Although fossils can be found at this location, it is the wildlife and geological features of the area that are the real treats. Fossil plant remains can be found in the cliffs and loose rocks.
♦ The village of Little Haven is approached along quaint country lanes and there is a pay and display car park. From there, it is a short walk to the beach.
♦ To get out of the bay in front of the village and explore to the north and the south, the location must be visited at close to low tide. There is a possibility of getting cut off by a rising tide, but, on the north side, at least you can escape at Broad Haven, should this be necessary.
♦ Fossils are found on both sides of the bay.
♦ Ref: 51.77181, 5.11298
FIND FREQUENCY: ♦ – Carboniferous plant fossils can be found in the cliffs and in loose rocks both to the north and south of the village. These are generally poorly preserved, but, if you are lucky, better specimens can be found.
CHILDREN: ♦♦♦♦♦ – Little Haven has a sandy beach and plenty of rock pools for children to enjoy. There are few hazards and the walk to the various fossil hunting areas is relatively short.
ACCESS: ♦♦♦♦♦ – The beach at Little Haven is within easy access from the village’s pay and display car park. From the bay in front of the village, you must go north or south to find fossils and to view the geological features. There are no particularly difficult obstacles to overcome at this location.
TYPE: – Plant fragments can be seen and collected from shale blocks found below the cliffs. Many interesting geological features can also be observed along this stretch of coastline.
In a few areas, there are shale blocks that have fallen from the cliffs. These contain poorly preserved plant fossils.
Small pieces of coal can also be found along with thin seams of coal, which can be seen in the cliffs. Blocks of shale can be found in the coves either side of the bay at Little Haven. Sandstone blocks are also present and, if you have a look around, you will easily find them.

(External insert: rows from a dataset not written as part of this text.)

lemma exists_hexagon_lift_zero_defect:
  assumes "compact K" "convex K" "uminus ` K = K" and lifts: "\<And>t. hexagon_lifts K r t \<noteq> {}"
  shows "\<exists>t. \<exists>X \<in> hexagon_lifts K r t. lift_defect X = 0"
proof -
  define I where "I = {0..pi/3}"
  define P where "P c = {t \<in> I. \<exists>X \<in> hexagon_lifts K r t. 0 \<le> c * lift_defect X}"
    for c :: real
  have closed: "closed (P c)" for c
    unfolding P_def I_def by (rule closed_hexagon_lift_parameters[OF assms(1)])
  have cover: "I \<subseteq> P 1 \<union> P (-1)"
  proof
    fix t assume "t \<in> I"
    moreover obtain X where "X \<in> hexagon_lifts K r t"
      using lifts by blast
    moreover have "0 \<le> 1 * lift_defect X \<or> 0 \<le> (-1) * lift_defect X"
      by linarith
    ultimately show "t \<in> P 1 \<union> P (-1)"
      unfolding P_def by blast
  qed
  have "P 1 \<inter> I \<noteq> {} \<and> P (-1) \<inter> I \<noteq> {}"
  proof -
    obtain x1 x2 x3 where X: "(x1, x2, x3) \<in> hexagon_lifts K r 0"
      using lifts by fast
    have Y: "(x2, x3, - x1) \<in> hexagon_lifts K r (pi / 3)"
      using hexagon_lift_rotate[OF assms(3) X] by simp
    have "lift_defect (x2, x3, - x1) = - lift_defect (x1, x2, x3)"
      by (simp add: lift_defect_def)
    moreover have "0 \<in> I" "pi / 3 \<in> I"
      by (auto simp: I_def)
    ultimately have "0 \<in> P c" "pi / 3 \<in> P (- c)" if "0 \<le> c * lift_defect (x1, x2, x3)" for c
    proof -
      have "0 \<le> - c * lift_defect (x2, x3, - x1)"
        using that \<open>lift_defect (x2, x3, - x1) = _\<close> by simp
      then show "0 \<in> P c" "pi / 3 \<in> P (- c)"
        using X Y that \<open>0 \<in> I\<close> \<open>pi / 3 \<in> I\<close> unfolding P_def by blast+
    qed
    moreover have "0 \<le> 1 * lift_defect (x1, x2, x3) \<or> 0 \<le> (-1) * lift_defect (x1, x2, x3)"
      by linarith
    ultimately show ?thesis
      by (metis IntI empty_iff minus_minus \<open>0 \<in> I\<close> \<open>pi / 3 \<in> I\<close>)
  qed
  then obtain t where "t \<in> P 1" "t \<in> P (-1)"
    using connected_closedD[OF _ _ cover closed closed] by (auto simp: I_def)
  then obtain X Y where "X \<in> hexagon_lifts K r t" "Y \<in> hexagon_lifts K r t"
      "lift_defect X \<le> 0" "0 \<le> lift_defect Y"
    unfolding P_def by auto
  then show ?thesis
    using hexagon_lift_zero_defect_between[OF assms(2)] by blast
qed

The Upper Carboniferous (Silesian) geology is from the South Wales Measures Group and formed 313-309 Mya. The South Wales Lower Coal Measures Formation is Duckmantian in age, whilst the South Wales Middle Coal Measures Formation is Langsettian. Both are from the Westphalian Stage
There are also many interesting geological features to be seen at Little Haven. These include deformed rock layers, caves and near perpendicular bedding. Interesting geological features are abundant.
The biggest risk at Little Haven is from the incoming tide. Knowledge of tide times is essential, so make sure you have consulted tide tables before you visit the location and, if you intend to go exploring, do so on a falling tide.
Most fossils at Little Haven can be collected from small boulders at the base of the cliff. Therefore, a geological hammer and safety glasses may be useful to split these. However, do not hammer or collect from the cliff face or the larger boulders.
This site is an SSSI. This Special Site of Scientific Interest, means you can visit the site, but hammering the bedrock is not permitted.